Task - Using the entries below, write out the line with "('a \<times> 'a)", the line with "map (\<lambda>i. (hs", and every line in between, exactly as each is written.

** Opening Given records block **

(* Let $X$ be a real normed vector space, $Y$ a $\mathbb{Q}$-vector space, $f:X\to Y$, $s\ge1$, $\varepsilon>0$, and $B=\{x\in X:\|x\|_X<\varepsilon\}$. If $\Delta_h^sf(x)=0$ for all $x\in X$ and all $h\in B$, then $\Delta_{h_1h_2\cdots h_s}f(x)=0$ for all $(x,h_1,\dots,h_s)\in X^{s+1}$.
   Context: For $h\in X$, $\Delta_hf(x)=f(x+h)-f(x)$; $\Delta_{h_1h_2\cdots h_s}f(x)=\Delta_{h_1}\left(\Delta_{h_2\cdots h_s}f\right)(x)$ for $s\ge 2$; and $\Delta_h^sf(x)=\sum_{k=0}^s\binom{s}{k}(-1)^{s-k}f(x+kh)$. *)

theory Defs
  imports Complex_Main
begin

definition fdiff :: "'a::real_vector \<Rightarrow> ('a \<Rightarrow> 'b::ab_group_add) \<Rightarrow> 'a \<Rightarrow> 'b" where
  "fdiff h f x = f (x + h) - f x"

fun fdiffs :: "'a::real_vector list \<Rightarrow> ('a \<Rightarrow> 'b::ab_group_add) \<Rightarrow> 'a \<Rightarrow> 'b" where
  "fdiffs [] f = f"
| "fdiffs (h # hs) f = fdiff h (fdiffs hs f)"

text \<open>s-th power difference: sum_{k=0}^s binom(s,k) (-1)^(s-k) f(x + k h), where the
  integer coefficients act on the Q-vector space Y through its rational scalar multiplication.\<close>
definition fdiff_pow ::
  "(rat \<Rightarrow> 'b::ab_group_add \<Rightarrow> 'b) \<Rightarrow> nat \<Rightarrow> 'a::real_vector \<Rightarrow> ('a \<Rightarrow> 'b) \<Rightarrow> 'a \<Rightarrow> 'b" where
  "fdiff_pow scale s h f x =
     (\<Sum>k = 0..s. scale (of_nat (s choose k) * (-1) ^ (s - k)) (f (x + of_nat k *\<^sub>R h)))"

end

theory Submission
  imports Defs "HOL-Analysis.Product_Vector"
begin

(*
  Proof idea.  The differences Delta_{h_1 ... h_s} f are first shown to vanish when the
  steps are small (sum of norms < eps), and then for arbitrary steps.

  Consider F(beta, alpha) = Delta_alpha^s f(x + beta) on the product space X x X.
  It vanishes wherever norm alpha < eps.  Take the mixed difference of F with the steps
  (h_i, -h_i/i), i = 1..s: since F vanishes on a slab {norm alpha <= r} containing all the
  relevant points, the result is 0.  Expanding Delta_alpha^s as a binomial sum and using that
  differences commute with linear substitutions, the k-th summand is a difference of f with
  steps h_i - (k/i) h_i; for 1 <= k <= s the step with i = k is 0, so only the summand
  k = 0 survives, which is (-1)^s Delta_{h_1 ... h_s} f(x).  Hence that difference is 0.

  Arbitrary steps.  If all differences with s small steps vanish, then Delta_{h_2 ... h_s} f
  has every small vector as a period, hence every vector (by subdividing); inducting on s
  gives the claim.
*)

lemma fdiffs_shift: "fdiffs hs (\<lambda>y. g (y + c)) x = fdiffs hs g (x + c)"
  by (induction hs arbitrary: x) (simp_all add: fdiff_def add_ac)

lemma fdiffs_zero_step: "0 \<in> set hs \<Longrightarrow> fdiffs hs g x = 0"
proof (induction hs arbitrary: x)
  case (Cons h hs)
  then show ?case
    by (cases "h = 0") (auto simp: fdiff_def)
qed simp

lemma fdiffs_sum: "fdiffs hs (\<lambda>y. \<Sum>k\<in>K. G k y) x = (\<Sum>k\<in>K. fdiffs hs (G k) x)"
  by (induction hs arbitrary: x) (simp_all add: fdiff_def sum_subtractf)

lemma fdiffs_scale:
  assumes "vector_space qscale"
  shows "fdiffs hs (\<lambda>y. qscale c (F y)) x = qscale c (fdiffs hs F x)"
proof -
  interpret V: vector_space qscale by fact
  show ?thesis
    by (induction hs arbitrary: x) (simp_all add: fdiff_def V.scale_right_diff_distrib)
qed

lemma fdiffs_additive_comp:
  assumes add: "\<And>u v. L (u + v) = L u + L v"
  shows "fdiffs hs (\<lambda>z. g (L z)) x = fdiffs (map L hs) g (L x)"
  by (induction hs arbitrary: x) (simp_all add: fdiff_def add)

lemma fdiffs_fdiff_comm: "fdiff h (fdiffs hs F) = fdiffs hs (fdiff h F)"
proof -
  have comm: "fdiff h (fdiff k G) = fdiff k (fdiff h G)" for k and G :: "'a \<Rightarrow> 'b"
    by (rule ext) (simp add: fdiff_def algebra_simps)
  show ?thesis
    by (induction hs) (simp_all add: comm)
qed

text \<open>A difference at x only sees the values at x plus partial sums of the steps.\<close>
lemma fdiffs_vanish_on_slab:
  fixes hs :: "('a::real_vector \<times> 'b::real_normed_vector) list"
  assumes "\<And>z. norm (snd z - snd x) \<le> (\<Sum>p\<leftarrow>hs. norm (snd p)) \<Longrightarrow> F z = 0"
  shows "fdiffs hs F x = 0"
  using assms
proof (induction hs arbitrary: x)
  case (Cons h hs)
  let ?S = "\<Sum>p\<leftarrow>hs. norm (snd p)"
  have "fdiffs hs F (x + h) = 0"
  proof (rule Cons.IH)
    fix z :: "'a \<times> 'b" assume "norm (snd z - snd (x + h)) \<le> ?S"
    moreover have "norm (snd z - snd x) \<le> norm (snd z - snd (x + h)) + norm (snd h)"
      using norm_triangle_ineq[of "snd z - snd (x + h)" "snd h"] by simp
    ultimately show "F z = 0"
      by (intro Cons.prems) simp
  qed
  moreover have "fdiffs hs F x = 0"
  proof (rule Cons.IH)
    fix z :: "'a \<times> 'b" assume "norm (snd z - snd x) \<le> ?S"
    then have "norm (snd z - snd x) \<le> norm (snd h) + ?S"
      using norm_ge_zero[of "snd h"] by linarith
    then show "F z = 0"
      by (intro Cons.prems) simp
  qed
  ultimately show ?case
    by (simp add: fdiff_def)
qed simp

lemma fdiffs_of_fdiff_pow:
  fixes ps :: "('a::real_vector \<times> 'a) list"
  assumes "vector_space qscale"
  shows "fdiffs ps (\<lambda>(\<beta>, \<alpha>). fdiff_pow qscale s \<alpha> f (x + \<beta>)) 0
       = (\<Sum>k = 0..s. qscale (of_nat (s choose k) * (-1) ^ (s - k))
                         (fdiffs (map (\<lambda>(a, b). a + real k *\<^sub>R b) ps) f x))"
proof -
  have summand: "fdiffs ps (\<lambda>z. f (x + (fst z + real k *\<^sub>R snd z))) 0
      = fdiffs (map (\<lambda>z. fst z + real k *\<^sub>R snd z) ps) f x" for k :: nat
  proof -
    let ?L = "\<lambda>z. fst z + real k *\<^sub>R snd z :: 'a"
    have "fdiffs ps (\<lambda>z. f (x + ?L z)) 0 = fdiffs ps (\<lambda>z. (\<lambda>y. f (y + x)) (?L z)) 0"
      by (simp add: add_ac)
    also have "\<dots> = fdiffs (map ?L ps) (\<lambda>y. f (y + x)) (?L 0)"
      by (rule fdiffs_additive_comp) (simp add: scaleR_add_right)
    also have "\<dots> = fdiffs (map ?L ps) f x"
      by (simp add: fdiffs_shift)
    finally show ?thesis .
  qed
  show ?thesis
    unfolding fdiff_pow_def case_prod_beta'
    by (simp add: fdiffs_sum fdiffs_scale[OF assms] summand add.assoc)
qed

text \<open>The steps (h_i, -h_i/i) (indices counted from 1), chosen so that a + k b has a zero
  entry for every 1 <= k <= s.\<close>
definition cancelling_steps :: "'a::real_vector list \<Rightarrow> ('a \<times> 'a) list" where
  "cancelling_steps hs = map (\<lambda>i. (hs ! i, - (1 / (real i + 1)) *\<^sub>R hs ! i)) [0..<length hs]"

lemma cancelling_steps_base: "map (\<lambda>(a, b). a + real 0 *\<^sub>R b) (cancelling_steps hs) = hs"
  by (simp add: cancelling_steps_def o_def map_nth)

lemma cancelling_steps_zero:
  assumes "1 \<le> k" and "k \<le> length hs"
  shows "0 \<in> set (map (\<lambda>(a, b). a + real k *\<^sub>R b) (cancelling_steps hs))"
proof -
  let ?steps = "map (\<lambda>(a, b). a + real k *\<^sub>R b) (cancelling_steps hs)"
  have "real (k - 1) + 1 = real k"
    using assms(1) by (simp add: of_nat_diff)
  then have "?steps ! (k - 1) = hs ! (k - 1) - (real k / real k) *\<^sub>R hs ! (k - 1)"
    using assms by (simp add: cancelling_steps_def)
  also have "\<dots> = 0"
    using assms(1) by simp
  finally have zero: "?steps ! (k - 1) = 0" .
  have "k - 1 < length ?steps"
    using assms by (simp add: cancelling_steps_def)
  then have "?steps ! (k - 1) \<in> set ?steps"
    by (rule nth_mem)
  then show ?thesis
    by (simp only: zero)
qed

lemma cancelling_steps_norm:
  fixes hs :: "'a::real_normed_vector list"
  shows "(\<Sum>p\<leftarrow>cancelling_steps hs. norm (snd p)) \<le> (\<Sum>h\<leftarrow>hs. norm h)"
proof -
  have "(\<Sum>p\<leftarrow>cancelling_steps hs. norm (snd p))
      = (\<Sum>i\<leftarrow>[0..<length hs]. norm (hs ! i) / (real i + 1))"
    unfolding cancelling_steps_def map_map by (simp add: o_def)
  also have "\<dots> \<le> (\<Sum>i\<leftarrow>[0..<length hs]. norm (hs ! i))"
  proof (rule sum_list_mono)
    fix i :: nat
    show "norm (hs ! i) / (real i + 1) \<le> norm (hs ! i)"
      using divide_left_mono[of 1 "real i + 1" "norm (hs ! i)"] by simp
  qed
  also have "map (\<lambda>i. norm (hs ! i)) [0..<length hs] = map norm hs"
    by (rule nth_equalityI) simp_all
  finally show ?thesis .
qed

lemma fdiffs_vanish_small_steps:
  fixes qscale :: "rat \<Rightarrow> 'b::ab_group_add \<Rightarrow> 'b"
    and f :: "'a::real_normed_vector \<Rightarrow> 'b"
  assumes vs: "vector_space qscale" and len: "length hs = s"
    and hyp: "\<And>x \<alpha>. norm \<alpha> < \<epsilon> \<Longrightarrow> fdiff_pow qscale s \<alpha> f x = 0"
    and small: "(\<Sum>h\<leftarrow>hs. norm h) < \<epsilon>"
  shows "fdiffs hs f x = 0"
proof -
  interpret V: vector_space qscale by fact
  define ps where "ps = cancelling_steps hs"
  define c where "c = (\<lambda>k. of_nat (s choose k) * (-1) ^ (s - k) :: rat)"
  have "fdiffs ps (\<lambda>(\<beta>, \<alpha>). fdiff_pow qscale s \<alpha> f (x + \<beta>)) 0 = 0"
  proof (rule fdiffs_vanish_on_slab)
    fix z :: "'a \<times> 'a" assume "norm (snd z - snd 0) \<le> (\<Sum>p\<leftarrow>ps. norm (snd p))"
    then have "norm (snd z) < \<epsilon>"
      using cancelling_steps_norm[of hs] small by (simp add: ps_def)
    then show "(case z of (\<beta>, \<alpha>) \<Rightarrow> fdiff_pow qscale s \<alpha> f (x + \<beta>)) = 0"
      by (simp add: case_prod_beta' hyp)
  qed
  also have "fdiffs ps (\<lambda>(\<beta>, \<alpha>). fdiff_pow qscale s \<alpha> f (x + \<beta>)) 0
      = (\<Sum>k = 0..s. qscale (c k) (fdiffs (map (\<lambda>(a, b). a + real k *\<^sub>R b) ps) f x))"
    unfolding c_def by (rule fdiffs_of_fdiff_pow[OF vs])
  also have "\<dots> = qscale (c 0) (fdiffs hs f x)"
    using len cancelling_steps_zero[of _ hs] cancelling_steps_base[of hs]
    by (simp add: sum.atLeast_Suc_atMost ps_def fdiffs_zero_step)
  finally have "qscale (c 0) (qscale (c 0) (fdiffs hs f x)) = 0"
    by simp
  moreover have "c 0 * c 0 = 1"
    by (simp add: c_def flip: power_add)
  ultimately show ?thesis
    by simp
qed

text \<open>A function having every vector of norm < delta as a period is constant along all
  translations: split an arbitrary translation into N small equal pieces.\<close>
lemma small_periods_imp_periodic:
  fixes H :: "'a::real_normed_vector \<Rightarrow> 'b"
  assumes "\<delta> > 0" and period: "\<And>x k. norm k < \<delta> \<Longrightarrow> H (x + k) = H x"
  shows "H (x + k) = H x"
proof -
  obtain N :: nat where N: "norm k / \<delta> < real N"
    using reals_Archimedean2 by blast
  then have N_pos: "real N > 0"
    using assms(1) by (smt (verit) divide_nonneg_pos norm_ge_zero)
  define k' where "k' = (1 / real N) *\<^sub>R k"
  have "norm k' < \<delta>"
    using N N_pos assms(1) by (simp add: k'_def field_simps)
  then have multiples: "H (x + real m *\<^sub>R k') = H x" for m
  proof (induction m)
    case (Suc m)
    have "H (x + real (Suc m) *\<^sub>R k') = H ((x + real m *\<^sub>R k') + k')"
      by (simp add: algebra_simps)
    also have "\<dots> = H (x + real m *\<^sub>R k')"
      using Suc.prems by (rule period)
    finally show ?case
      using Suc by simp
  qed simp
  have "real N *\<^sub>R k' = k"
    using N_pos by (simp add: k'_def)
  then show ?thesis
    using multiples[of N] by simp
qed

text \<open>Induction on the number of steps: the inner difference has
  all small vectors as periods.\<close>
lemma fdiffs_vanish_from_small_steps:
  fixes hs :: "'a::real_normed_vector list" and F :: "'a \<Rightarrow> 'b::ab_group_add"
  assumes "\<delta> > 0"
    and "\<And>ks y. length ks = length hs \<Longrightarrow> (\<forall>k\<in>set ks. norm k < \<delta>) \<Longrightarrow> fdiffs ks F y = 0"
  shows "fdiffs hs F x = 0"
  using assms(2)
proof (induction hs arbitrary: F x)
  case (Cons h hs)
  have period: "fdiffs hs F (y + k) = fdiffs hs F y" if "norm k < \<delta>" for y k
  proof -
    have "fdiffs hs (fdiff k F) y = 0"
    proof (rule Cons.IH)
      fix ks :: "'a list" and z assume "length ks = length hs" "\<forall>k\<in>set ks. norm k < \<delta>"
      then have "fdiffs (k # ks) F z = 0"
        using Cons.prems[of "k # ks" z] that by simp
      then show "fdiffs ks (fdiff k F) z = 0"
        by (simp add: fdiffs_fdiff_comm)
    qed
    then show ?thesis
      by (simp add: fdiff_def flip: fdiffs_fdiff_comm)
  qed
  have "fdiffs hs F (x + h) = fdiffs hs F x"
    by (rule small_periods_imp_periodic[OF assms(1) period])
  then show ?case
    by (simp add: fdiff_def)
qed force

theorem theorem5:
  fixes scale :: "rat \<Rightarrow> 'b::ab_group_add \<Rightarrow> 'b"
    and f :: "'a::real_normed_vector \<Rightarrow> 'b"
    and s :: nat and \<epsilon> :: real
  assumes "vector_space scale"
    and "s \<ge> 1" and "\<epsilon> > 0"
    and "\<forall>x. \<forall>h \<in> {h. norm h < \<epsilon>}. fdiff_pow scale s h f x = 0"
  shows "\<forall>x. \<forall>hs. length hs = s \<longrightarrow> fdiffs hs f x = 0"
proof (intro allI impI)
  fix x and hs :: "'a list" assume len: "length hs = s"
  have \<delta>: "\<epsilon> / real s > 0"
    using assms(2,3) by simp
  show "fdiffs hs f x = 0"
  proof (rule fdiffs_vanish_from_small_steps[OF \<delta>])
    fix ks :: "'a list" and y
    assume ks: "length ks = length hs" "\<forall>k\<in>set ks. norm k < \<epsilon> / real s"
    then have "(\<Sum>k\<leftarrow>ks. norm k) < (\<Sum>k\<leftarrow>ks. \<epsilon> / real s)"
      using assms(2) len by (intro sum_list_strict_mono) auto
    also have "\<dots> = \<epsilon>"
      using ks(1) len assms(2) by (simp add: sum_list_triv)
    finally have small: "(\<Sum>k\<leftarrow>ks. norm k) < \<epsilon>" .
    have "length ks = s"
      using ks(1) len by simp
    then show "fdiffs ks f y = 0"
      by (rule fdiffs_vanish_small_steps[OF assms(1) _ _ small]) (use assms(4) in simp)
  qed
qed

end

** Closing Given records block **

Answer to this exercise -
definition cancelling_steps :: "'a::real_vector list \<Rightarrow> ('a \<times> 'a) list" where
  "cancelling_steps hs = map (\<lambda>i. (hs ! i, - (1 / (real i + 1)) *\<^sub>R hs ! i)) [0..<length hs]"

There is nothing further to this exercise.